Die Gruppe um Elements konnte wahrlich ein Liedchen von fehlgeschlagenen Plänen singen. Bisher war nichts so gelaufen, wie sie es sich ausgemalt hatten und kurzfristige Änderungen raubten ihnen die Zeit. Das ihre Verstärkung angerückt und ebenso überrascht angegriffen wurde, konnten sie sich vorstellen, doch Zeit um sich darüber zu ärgern, fanden sie nicht. Sie waren zu sehr damit beschäftigt, das West Tor unter Kontrolle zu bringen. Wie viel Zeit sie schon verloren hatten oder wie lange sie überhaupt schon kämpften, konnte keiner sagen. Unwissend, das Chillo und Sharon auf dem Weg waren, um ihnen die Aufgabe abzunehmen, hielt Elements verbissen mit viel Feuer die Soldaten auf Abstand, während sich ihre Freunde darum bemühten, den Bürgern eine freie Schneise zu dem Tor zu bilden. Erst als sie ihre Verstärkung erkannten, die hinter dem Tor auf sie zukamen, konnte Elements das erste Mal kurz verschnaufen, denn ihre Soldaten begannen sofort damit, Menschen zu beschützen und sie mit ihren Waffen zu verteidigen. In all dem Getümmel hörte Elements, wie jemand ihren Namen schrie. Hastig drehte sie sich herum. Schweißperlen standen ihr auf der Stirn und sie suchte nach der Person.

,,Elements,..hier“.

Genannte suchte verwirrt umher. Erst dann erkannte sie Sharon, die durch die Soldaten auf sie zu lief und sich mit Eis Kristallen eine Barriere aufbaute, um nicht von den Kugeln getroffen zu werden. Zischend fluchte sie etwas vor sich hin und zog es vor, sich Schutz hinter einem Wagen zu suchen, wo ihr Elements hin folgte. Sie gingen beide in Deckung, als irgendetwas neben sie krachte.

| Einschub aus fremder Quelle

text \<open>\<kappa>' is well defined: related expressions are words with the same commutator value.
  Both sides of every defining relation evaluate equally by the commutator identities.\<close>

lemma ext_eq_eval:
  assumes "ext_eq G H K u v"
  shows "u \<in> ext_words H K \<and> v \<in> ext_words H K \<and> ext_eval G u = ext_eval G v"
  using assms
proof (induction rule: ext_eq.induct)
  case (cong u v x y)
  then have "ext_eval G (x @ u @ y) = ext_eval G (x @ v @ y)"
    by (simp add: ext_eval_append ext_words_def words_in_carrier)
  with cong show ?case by (simp add: ext_words_def)
next
  case (cancel l)
  then obtain h k b where l: "l = (h, k, b)" and hk: "h \<in> H" "k \<in> K"
    by (cases l) (auto simp: ext_letters_def)
  then have "commg G h k \<in> carrier G" using H_sub K_sub by (meson commg_closed subsetD)
  then show ?case using hk l by (cases b) (auto simp: ext_words_def ext_letters_def ext_eval_def)
next
  case (rel_left h h' k)
  have "h \<otimes> h' \<in> H" "conjg G h h' \<in> H" "conjg G h k \<in> K"
    using rel_left H_normal K_normal H_sub unfolding conjg_def
    by (auto intro: normal.inv_op_closed2 subgroup.m_closed normal_imp_subgroup)
  moreover have "h \<in> carrier G" "h' \<in> carrier G" "k \<in> carrier G"
    using rel_left H_sub K_sub by auto
  ultimately show ?case
    using rel_left commg_mult_left by (simp add: ext_words_def ext_letters_def ext_eval_def)
next
  case (rel_right h k k')
  have "k \<otimes> k' \<in> K" "conjg G k h \<in> H" "conjg G k k' \<in> K"
    using rel_right H_normal K_normal K_sub unfolding conjg_def
    by (auto intro: normal.inv_op_closed2 subgroup.m_closed normal_imp_subgroup)
  moreover have "h \<in> carrier G" "k \<in> carrier G" "k' \<in> carrier G"
    using rel_right H_sub K_sub by auto
  ultimately show ?case
    using rel_right commg_mult_right by (simp add: ext_words_def ext_letters_def ext_eval_def)
next
  case (rel_diag y)
  then have "y \<in> carrier G" using H_sub by auto
  then show ?case
    using rel_diag commg_eq_one_iff[of y y] by (simp add: ext_words_def ext_letters_def ext_eval_def)
qed simp_all

lemma wedge_kernel_subset_centralizer:
  assumes x: "x \<in> H"
  shows "wedge_kernel G H K x \<subseteq> centralizer_in G K x"
proof
  fix k assume "k \<in> wedge_kernel G H K x"
  then have k: "k \<in> K" "ext_eq G H K [(x, k, True)] []"
    by (simp_all add: wedge_kernel_def ext_trivial_def)
  have xk: "x \<in> carrier G" "k \<in> carrier G" using x k H_sub K_sub by auto
  have "commg G x k = \<one>"
    using ext_eq_eval[OF k(2)] xk by simp
  then show "k \<in> centralizer_in G K x"
    using k xk commg_eq_one_iff by (simp add: centralizer_in_def)
qed

text \<open>If k0 centralises x then x \<and> k = (x \<and> k0)(x \<and> k k0^-1); hence x \<and> k0 = x \<and> k
  forces k k0^-1 into W(x).\<close>

lemma equal_wedges_differ_by_kernel:
  assumes x: "x \<in> H" and k0: "k0 \<in> centralizer_in G K x" and k: "k \<in> K"
    and eq: "ext_eq G H K [(x, k0, True)] [(x, k, True)]"
  shows "k \<otimes> inv k0 \<in> wedge_kernel G H K x"
proof -
  define s where "s = k \<otimes> inv k0"
  have k0K: "k0 \<in> K" and comm: "k0 \<otimes> x = x \<otimes> k0"
    using k0 by (auto simp: centralizer_in_def)
  have c: "x \<in> carrier G" "k \<in> carrier G" "k0 \<in> carrier G"
    using x k k0K H_sub K_sub by auto
  have sK: "s \<in> K" and qK: "inv k0 \<otimes> k \<in> K"
    using k k0K K_subgroup by (simp_all add: s_def subgroup.m_closed subgroup.m_inv_closed)
  have "conjg G k0 x = x"
    using c comm by (simp add: conjg_def m_assoc)
  moreover have "k0 \<otimes> (inv k0 \<otimes> k) = k" "conjg G k0 (inv k0 \<otimes> k) = s"
    using c by (simp_all add: conjg_def s_def m_assoc)
  ultimately have "ext_eq G H K [(x, k, True)] [(x, k0, True), (x, s, True)]"
    using ext_eq.rel_right[where G = G, OF x k0K qK] by simp
  then have "ext_eq G H K [(x, k0, True)] ((x, k0, True) # [(x, s, True)])"
    using ext_eq.trans[OF eq] by simp
  then have "ext_eq G H K [] [(x, s, True)]"
    using x k0K sK by (intro ext_eq_cancel_left) (auto simp: ext_letters_def ext_words_def)
  then show ?thesis
    using sK by (simp add: wedge_kernel_def ext_trivial_def s_def ext_eq.sym)
qed

text \<open>Step (2): k \<mapsto> x \<and> k maps C_K(x) into M(G,H,K) with fibres no larger than W(x).\<close>

lemma card_centralizer_le_M_wedge_kernel:
  assumes x: "x \<in> H" and finK: "finite K" and finM: "finite (ext_M G H K)"
  shows "card (centralizer_in G K x) \<le> card (ext_M G H K) * card (wedge_kernel G H K x)"
proof (rule card_le_card_codomain_mult[OF _ _ finM])
  define wedge where "wedge k = ext_rel G H K `` {[(x, k, True)]}" for k
  have word: "[(x, k, True)] \<in> ext_words H K" if "k \<in> K" for k
    using x that by (simp add: ext_words_def ext_letters_def)
  show "finite (centralizer_in G K x)" using finK by (simp add: centralizer_in_def)
  show "wedge ` centralizer_in G K x \<subseteq> ext_M G H K"
  proof safe
    fix k assume k: "k \<in> centralizer_in G K x"
    then have kK: "k \<in> K" and c: "x \<in> carrier G" "k \<in> carrier G" and "x \<otimes> k = k \<otimes> x"
      using x H_sub K_sub by (auto simp: centralizer_in_def)
    then have "commg G x k = \<one>" using commg_eq_one_iff by simp
    moreover have "ext_eval G w = commg G x k" if "w \<in> wedge k" for w
      using that ext_eq_eval[of "[(x, k, True)]" w] c by (simp add: wedge_def ext_rel_def)
    ultimately have "ext_eval G w = \<one>" if "w \<in> wedge k" for w
      using that by simp
    moreover have "wedge k \<in> ext_prod G H K"
      unfolding ext_prod_def wedge_def using word[OF kK] by (rule quotientI)
    ultimately show "wedge k \<in> ext_M G H K" by (simp add: ext_M_def)
  qed
  fix k0 assume k0: "k0 \<in> centralizer_in G K x"
  have "{k \<in> centralizer_in G K x. wedge k = wedge k0} \<subseteq> (\<lambda>s. s \<otimes> k0) ` wedge_kernel G H K x"
  proof safe
    fix k assume k: "k \<in> centralizer_in G K x" and same: "wedge k = wedge k0"
    then have kK: "k \<in> K" by (simp add: centralizer_in_def)
    have "[(x, k, True)] \<in> wedge k0"
      using same ext_eq.refl[where G = G, OF word[OF kK]] unfolding wedge_def ext_rel_def by blast
    then have "k \<otimes> inv k0 \<in> wedge_kernel G H K x"
      using equal_wedges_differ_by_kernel[OF x k0 kK] by (simp add: wedge_def ext_rel_def)
    moreover have "k \<in> carrier G" "k0 \<in> carrier G"
      using kK k0 K_sub by (auto simp: centralizer_in_def)
    then have "k = (k \<otimes> inv k0) \<otimes> k0" by (simp add: m_assoc)
    ultimately show "k \<in> (\<lambda>s. s \<otimes> k0) ` wedge_kernel G H K x" by blast
  qed
  moreover have finW: "finite (wedge_kernel G H K x)" using finK by (simp add: wedge_kernel_def)
  ultimately have "card {k \<in> centralizer_in G K x. wedge k = wedge k0}
                     \<le> card ((\<lambda>s. s \<otimes> k0) ` wedge_kernel G H K x)"
    by (intro card_mono) simp_all
  also have "\<dots> \<le> card (wedge_kernel G H K x)" using finW by (rule card_image_le)
  finally show "card {k \<in> centralizer_in G K x. wedge k = wedge k0} \<le> card (wedge_kernel G H K x)" .
qed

,,Ahh,..verflucht.....Elements. Sie haben uns überrascht. Mariella kümmert sich um die Verletzten, aber sie haben große Teile der Versorgung zerstört. Besstysens ist auf dem Weg in den Süden,...wir übernehmen den Westen“. Sharon wischte sich schnell das Blut von den Lippen und sah kurz auf, als auch Mike, Tyron und Veronica zu ihnen stießen.

,,Wir wurden auch sofort angegriffen. Den Großteil unserer Luftwaffe haben sie vom Himmel geholt und der Südliche Teil steht fast komplett in Flammen. Eine Kommunikationsverbindung aufzubauen war auch unmöglich“, rief Mike und duckte sich, als Schüsse zu hören waren. Glücklicherweise konnten ihre Soldaten die Schatten ablenken und so hatten sie Zeit, sich schnell auf den neusten Stand zu bringen.

,,Wir hätten wissen sollen, das sie uns erwarten, aber,..wir haben keine Zeit um uns darüber zu unterhalten. Es sind weitere Truppen auf dem Weg hierher. Branco gibt bei der Wassermarine den Befehl zum Angriff und sobald Unterstützung hier ist, gehen wir in den Norden. Elements,..du solltest dich jetzt auf den Weg in den Palast machen“.

Elements sah einen Moment bissig auf ihre Hände. Sie wusste, das sie jetzt keine weiteren Diskussionen zu lassen konnte, da so wie so alle schon viel zu viel riskierten. Doch war sie ehrlich dankbar darüber, das sie wusste, das ihre Freunde hinter ihr standen. Gerade wollte sie etwas dazu sagen, als Trinah über den Wagen hinweg sprang und mit einem Kristall eine starke Barriere aufbaute um sie vor etwas zu schützen.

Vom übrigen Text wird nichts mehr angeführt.